lemma gf_elems_smult: "x \<in> gf_elems p \<Longrightarrow> smult c x \<in> gf_elems p"
  by (simp add: gf_elems_def mod_smult_left)

lemma gf_elems_sum: "(\<And>s. s \<in> A \<Longrightarrow> f s \<in> gf_elems p) \<Longrightarrow> sum f A \<in> gf_elems p"
  by (induct A rule: infinite_finite_induct) (auto simp: gf_elems_add, auto simp: gf_elems_def)

lemma finite_card_gf_elems:
  assumes "p \<noteq> 0"
  shows "finite (gf_elems p) \<and> card (gf_elems p) \<le> 2 ^ degree p"
proof -
  let ?lists = "{xs :: bit list. set xs \<subseteq> UNIV \<and> length xs = degree p}"
  have sub: "gf_elems p \<subseteq> Poly ` ?lists"
  proof
    fix x assume "x \<in> gf_elems p"
    then have len: "length (coeffs x) \<le> degree p"
      using assms by (cases "x = 0") (auto simp: mem_gf_elems_iff length_coeffs_degree)
    have "x = Poly (coeffs x @ replicate (degree p - length (coeffs x)) 0)"
      by (simp add: Poly_append_replicate_zero)
    then show "x \<in> Poly ` ?lists"
      using len by (intro image_eqI[where x = "coeffs x @ replicate (degree p - length (coeffs x)) 0"]) auto
  qed
  have fin: "finite ?lists"
    by (rule finite_lists_length_eq) (simp add: bit_UNIV)
  have "card ?lists = 2 ^ degree p"
    by (subst card_lists_length_eq) (simp_all add: bit_UNIV numeral_2_eq_2)
  then show ?thesis
    using card_mono[OF finite_imageI[OF fin] sub] card_image_le[OF fin, of Poly]
      finite_subset[OF sub finite_imageI[OF fin]] by linarith
qed

definition gamma_pow :: "bit poly \<Rightarrow> nat \<Rightarrow> bit poly" where
  "gamma_pow p i = [:0, 1:] ^ i mod p"

lemma gamma_pow_nonzero:
  assumes "primitive_poly m p" and "i \<le> 2 ^ m - 1"
  shows "gamma_pow p i \<noteq> 0"
proof
  let ?x = "[:0, 1 :: bit:]"
  assume "gamma_pow p i = 0"
  then have "(?x ^ i mod p * ?x ^ (2 ^ m - 1 - i)) mod p = 0"
    by (simp add: gamma_pow_def)
  moreover have "?x ^ i * ?x ^ (2 ^ m - 1 - i) = ?x ^ (2 ^ m - 1)"
    using assms(2) by (metis le_add_diff_inverse power_add)
  ultimately have "?x ^ (2 ^ m - 1) mod p = 0"
    by (metis mod_mult_left_eq)
  then show False
    using assms(1) by (simp add: primitive_poly_def)
qed
lemma norm_second_order_remainder_le:
  fixes G :: "'a::real_normed_vector \<Rightarrow> 'b::real_normed_vector"
  assumes deriv: "\<And>y. (G has_derivative blinfun_apply (H y)) (at y)"
    and lip: "\<And>y w. norm (H y - H w) \<le> L * norm (y - w)"
  shows "norm (G (z + h) - G z - H z h) \<le> L / 2 * (norm h)\<^sup>2"
proof -
  define r where "r t = G (z + t *\<^sub>R h) - t *\<^sub>R H z h" for t :: real
  define r' where "r' t = H (z + t *\<^sub>R h) h - H z h" for t :: real
  have r_deriv: "(r has_vector_derivative r' t) (at t)" for t
  proof -
    have "((\<lambda>t. z + t *\<^sub>R h) has_derivative (\<lambda>s. s *\<^sub>R h)) (at t)"
      by (auto intro!: derivative_eq_intros)
    from has_derivative_compose[OF this deriv]
    have "((\<lambda>t. G (z + t *\<^sub>R h)) has_derivative (\<lambda>s. s *\<^sub>R H (z + t *\<^sub>R h) h)) (at t)"
      by (simp add: blinfun.scaleR_right)
    then show ?thesis
      unfolding r_def r'_def has_vector_derivative_def
      by (auto intro!: derivative_eq_intros simp: scaleR_diff_right)
  qed
  have bound_deriv: "((\<lambda>t. L / 2 * (norm h)\<^sup>2 * t\<^sup>2) has_vector_derivative L * (norm h)\<^sup>2 * t) (at t)"
    for t :: real
    unfolding has_vector_derivative_def
    by (auto intro!: derivative_eq_intros simp: algebra_simps)
  have "norm (r' t) \<le> L * (norm h)\<^sup>2 * t" if "0 < t" for t
  proof -
    have "norm (r' t) \<le> norm (H (z + t *\<^sub>R h) - H z) * norm h"
      unfolding r'_def blinfun.diff_left[symmetric] by (rule norm_blinfun)
    also have "\<dots> \<le> L * (t * norm h) * norm h"
      using lip[of "z + t *\<^sub>R h" z] that by (intro mult_right_mono) auto
    finally show ?thesis
      by (simp add: power2_eq_square algebra_simps)
  qed
  then have "norm (r 1 - r 0) \<le> L / 2 * (norm h)\<^sup>2 * 1\<^sup>2 - L / 2 * (norm h)\<^sup>2 * 0\<^sup>2"
    using r_deriv bound_deriv
    by (intro differentiable_bound_general[where f' = r'])
       (auto intro!: continuous_at_imp_continuous_on has_vector_derivative_continuous)
  then show ?thesis
    by (simp add: r_def algebra_simps)
qed

lemma parallelogram_law:
  fixes u w :: "'a::real_inner"
  shows "(norm (u + w))\<^sup>2 + (norm (u - w))\<^sup>2 = 2 * (norm u)\<^sup>2 + 2 * (norm w)\<^sup>2"
  by (simp add: power2_norm_eq_inner algebra_simps inner_commute)

lemma norm_add_plus_norm_diff_le:
  fixes u w :: "'a::real_inner"
  assumes "norm u \<le> e" and "0 < e"
  shows "norm (u + w) + norm (u - w) \<le> 2 * e + (norm w)\<^sup>2 / e"
proof (rule power2_le_imp_le)
  have "(norm (u + w) + norm (u - w))\<^sup>2 \<le> 2 * ((norm (u + w))\<^sup>2 + (norm (u - w))\<^sup>2)"
    using zero_le_power2[of "norm (u + w) - norm (u - w)"] by (simp add: power2_eq_square algebra_simps)
  also have "\<dots> \<le> 4 * (e\<^sup>2 + (norm w)\<^sup>2)"
    using parallelogram_law[of u w] power_mono[OF assms(1) norm_ge_zero, of 2] by simp
  also have "\<dots> \<le> (2 * e + (norm w)\<^sup>2 / e)\<^sup>2"
    using \<open>0 < e\<close> by (simp add: power2_eq_square field_simps)
  finally show "(norm (u + w) + norm (u - w))\<^sup>2 \<le> (2 * e + (norm w)\<^sup>2 / e)\<^sup>2" .
  show "0 \<le> 2 * e + (norm w)\<^sup>2 / e"
    using \<open>0 < e\<close> by simp
qed

lemma norm_snd_le_norm: "norm (snd p) \<le> norm p"
  using norm_snd_le[where x = "fst p" and y = "snd p"] by simp

lemma norm_snd_at_plus_minus_le:
  fixes G :: "'a::real_normed_vector \<Rightarrow> 'b::real_normed_vector \<times> 'c::real_inner"
  assumes deriv: "\<And>y. (G has_derivative blinfun_apply (H y)) (at y)"
    and grad_lip: "\<And>y w. norm (G y - G w) \<le> L * norm (y - w)"
    and hess_lip: "\<And>y w. norm (H y - H w) \<le> L * norm (y - w)"
    and small: "norm (snd (G z)) \<le> \<epsilon>" and "0 < \<epsilon>"
  shows "norm (snd (G (z + h))) + norm (snd (G (z - h)))
           \<le> 2 * \<epsilon> + (L * norm h)\<^sup>2 / \<epsilon> + L * (norm h)\<^sup>2"
proof -
  define u where "u = snd (G z)"
  define w where "w = snd (H z h)"
  have remainder: "norm (snd (G (z + k)) - u - snd (H z k)) \<le> L / 2 * (norm k)\<^sup>2" for k
    using norm_second_order_remainder_le[OF deriv hess_lip, of z k]
      norm_snd_le_norm[of "G (z + k) - G z - H z k"]
    by (simp add: u_def)
  have plus: "norm (snd (G (z + h))) \<le> norm (u + w) + L / 2 * (norm h)\<^sup>2"
    using remainder[of h] norm_triangle_ineq2[of "snd (G (z + h))" "u + w"]
    by (simp add: w_def algebra_simps)
  have minus: "norm (snd (G (z - h))) \<le> norm (u - w) + L / 2 * (norm h)\<^sup>2"
    using remainder[of "- h"] norm_triangle_ineq2[of "snd (G (z - h))" "u - w"]
    by (simp add: w_def blinfun.minus_right algebra_simps)
  have "norm w \<le> L * norm h"
    using norm_derivative_le_of_lipschitz[OF deriv grad_lip, of z h] norm_snd_le_norm[of "H z h"]
    by (simp add: w_def)
  then have "(norm w)\<^sup>2 / \<epsilon> \<le> (L * norm h)\<^sup>2 / \<epsilon>"
    using \<open>0 < \<epsilon>\<close> by (intro divide_right_mono power_mono) auto
  then show ?thesis
    using plus minus norm_add_plus_norm_diff_le[of u \<epsilon> w] small \<open>0 < \<epsilon>\<close>
    by (simp add: u_def)
qed

theorem lemmaA2:
  fixes f :: "(real^'n::finite) \<times> (real^'n) \<Rightarrow> real"
    and G :: "(real^'n) \<times> (real^'n) \<Rightarrow> (real^'n) \<times> (real^'n)"
    and H :: "(real^'n) \<times> (real^'n) \<Rightarrow> ((real^'n) \<times> (real^'n)) \<Rightarrow>\<^sub>L ((real^'n) \<times> (real^'n))"
    and L \<epsilon> \<sigma> :: real
    and xs ys :: "real^'n"
  assumes grad: "\<And>z. (f has_derivative (\<lambda>h. G z \<bullet> h)) (at z)"
    and hess: "\<And>z. (G has_derivative blinfun_apply (H z)) (at z)"
    and hess_cont: "continuous_on UNIV H"
    and grad_lip: "\<And>z w. norm (G z - G w) \<le> L * norm (z - w)"
    and hess_lip: "\<And>z w. norm (H z - H w) \<le> L * norm (z - w)"
    and eps_pos: "\<epsilon> > 0"
    and sigma_pos: "\<sigma> > 0"
    and small_grad: "norm (snd (G (xs, ys))) \<le> \<epsilon>"
  shows "(\<integral>\<^sup>+ \<zeta>. ennreal (norm (snd (G (xs + \<sigma> *\<^sub>R \<zeta>, ys)))) \<partial>std_gaussian)
           \<le> ennreal (\<epsilon> + (1 / (2 * \<epsilon>)) * L\<^sup>2 * \<sigma>\<^sup>2 * real CARD('n)
                     + (1/2) * \<sigma>\<^sup>2 * L * real CARD('n))"
proof -
  define \<phi> where "\<phi> \<zeta> = norm (snd (G (xs + \<sigma> *\<^sub>R \<zeta>, ys)))" for \<zeta> :: "real^'n"
  define K where "K = L\<^sup>2 * \<sigma>\<^sup>2 / (2 * \<epsilon>) + L * \<sigma>\<^sup>2 / 2"
  have "0 \<le> L"
    using order_trans[OF norm_ge_zero grad_lip[of "(1, 0)" 0]] by (simp add: zero_le_mult_iff norm_Pair)
  with eps_pos have "0 \<le> K"
    by (simp add: K_def)
  have "continuous_on UNIV G"
    using hess by (meson continuous_at_imp_continuous_on has_derivative_continuous)
  then have "\<phi> \<in> borel_measurable borel"
    unfolding \<phi>_def
    by (intro borel_measurable_continuous_onI continuous_intros
          continuous_on_compose2[OF \<open>continuous_on UNIV G\<close>]) auto
  moreover have "0 \<le> \<phi> \<zeta>" for \<zeta>
    by (simp add: \<phi>_def)
  moreover have "\<phi> \<zeta> + \<phi> (- \<zeta>) \<le> 2 * (\<epsilon> + K * (norm \<zeta>)\<^sup>2)" for \<zeta>
  proof -
    have "\<phi> \<zeta> + \<phi> (- \<zeta>) \<le> 2 * \<epsilon> + (L * (\<sigma> * norm \<zeta>))\<^sup>2 / \<epsilon> + L * (\<sigma> * norm \<zeta>)\<^sup>2"
      using norm_snd_at_plus_minus_le[OF hess grad_lip hess_lip small_grad eps_pos, of "(\<sigma> *\<^sub>R \<zeta>, 0)"]
        sigma_pos by (simp add: \<phi>_def norm_Pair)
    also have "\<dots> = 2 * (\<epsilon> + K * (norm \<zeta>)\<^sup>2)"
      using eps_pos by (simp add: K_def field_simps power2_eq_square)
    finally show ?thesis .
  qed
  ultimately have "(\<integral>\<^sup>+\<zeta>. ennreal (\<phi> \<zeta>) \<partial>std_gaussian) \<le> ennreal (\<epsilon> + K * CARD('n))"
    using eps_pos \<open>0 \<le> K\<close> by (intro nn_integral_std_gaussian_le_of_symmetric_bound) auto
  also have "\<epsilon> + K * CARD('n) = \<epsilon> + (1 / (2 * \<epsilon>)) * L\<^sup>2 * \<sigma>\<^sup>2 * real CARD('n)
                     + (1/2) * \<sigma>\<^sup>2 * L * real CARD('n)"
    by (simp add: K_def field_simps)
  finally show ?thesis
    by (simp add: \<phi>_def)
qed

:::

Task to carry out:
The lines to extract from the data above begin with the line containing "w))\<^sup>2 \<le> (2" and end with the line containing "using norm_snd_le[where x". Extract them exactly, including both.

Worked solution:
  finally show "(norm (u + w) + norm (u - w))\<^sup>2 \<le> (2 * e + (norm w)\<^sup>2 / e)\<^sup>2" .
  show "0 \<le> 2 * e + (norm w)\<^sup>2 / e"
    using \<open>0 < e\<close> by simp
qed

lemma norm_snd_le_norm: "norm (snd p) \<le> norm p"
  using norm_snd_le[where x = "fst p" and y = "snd p"] by simp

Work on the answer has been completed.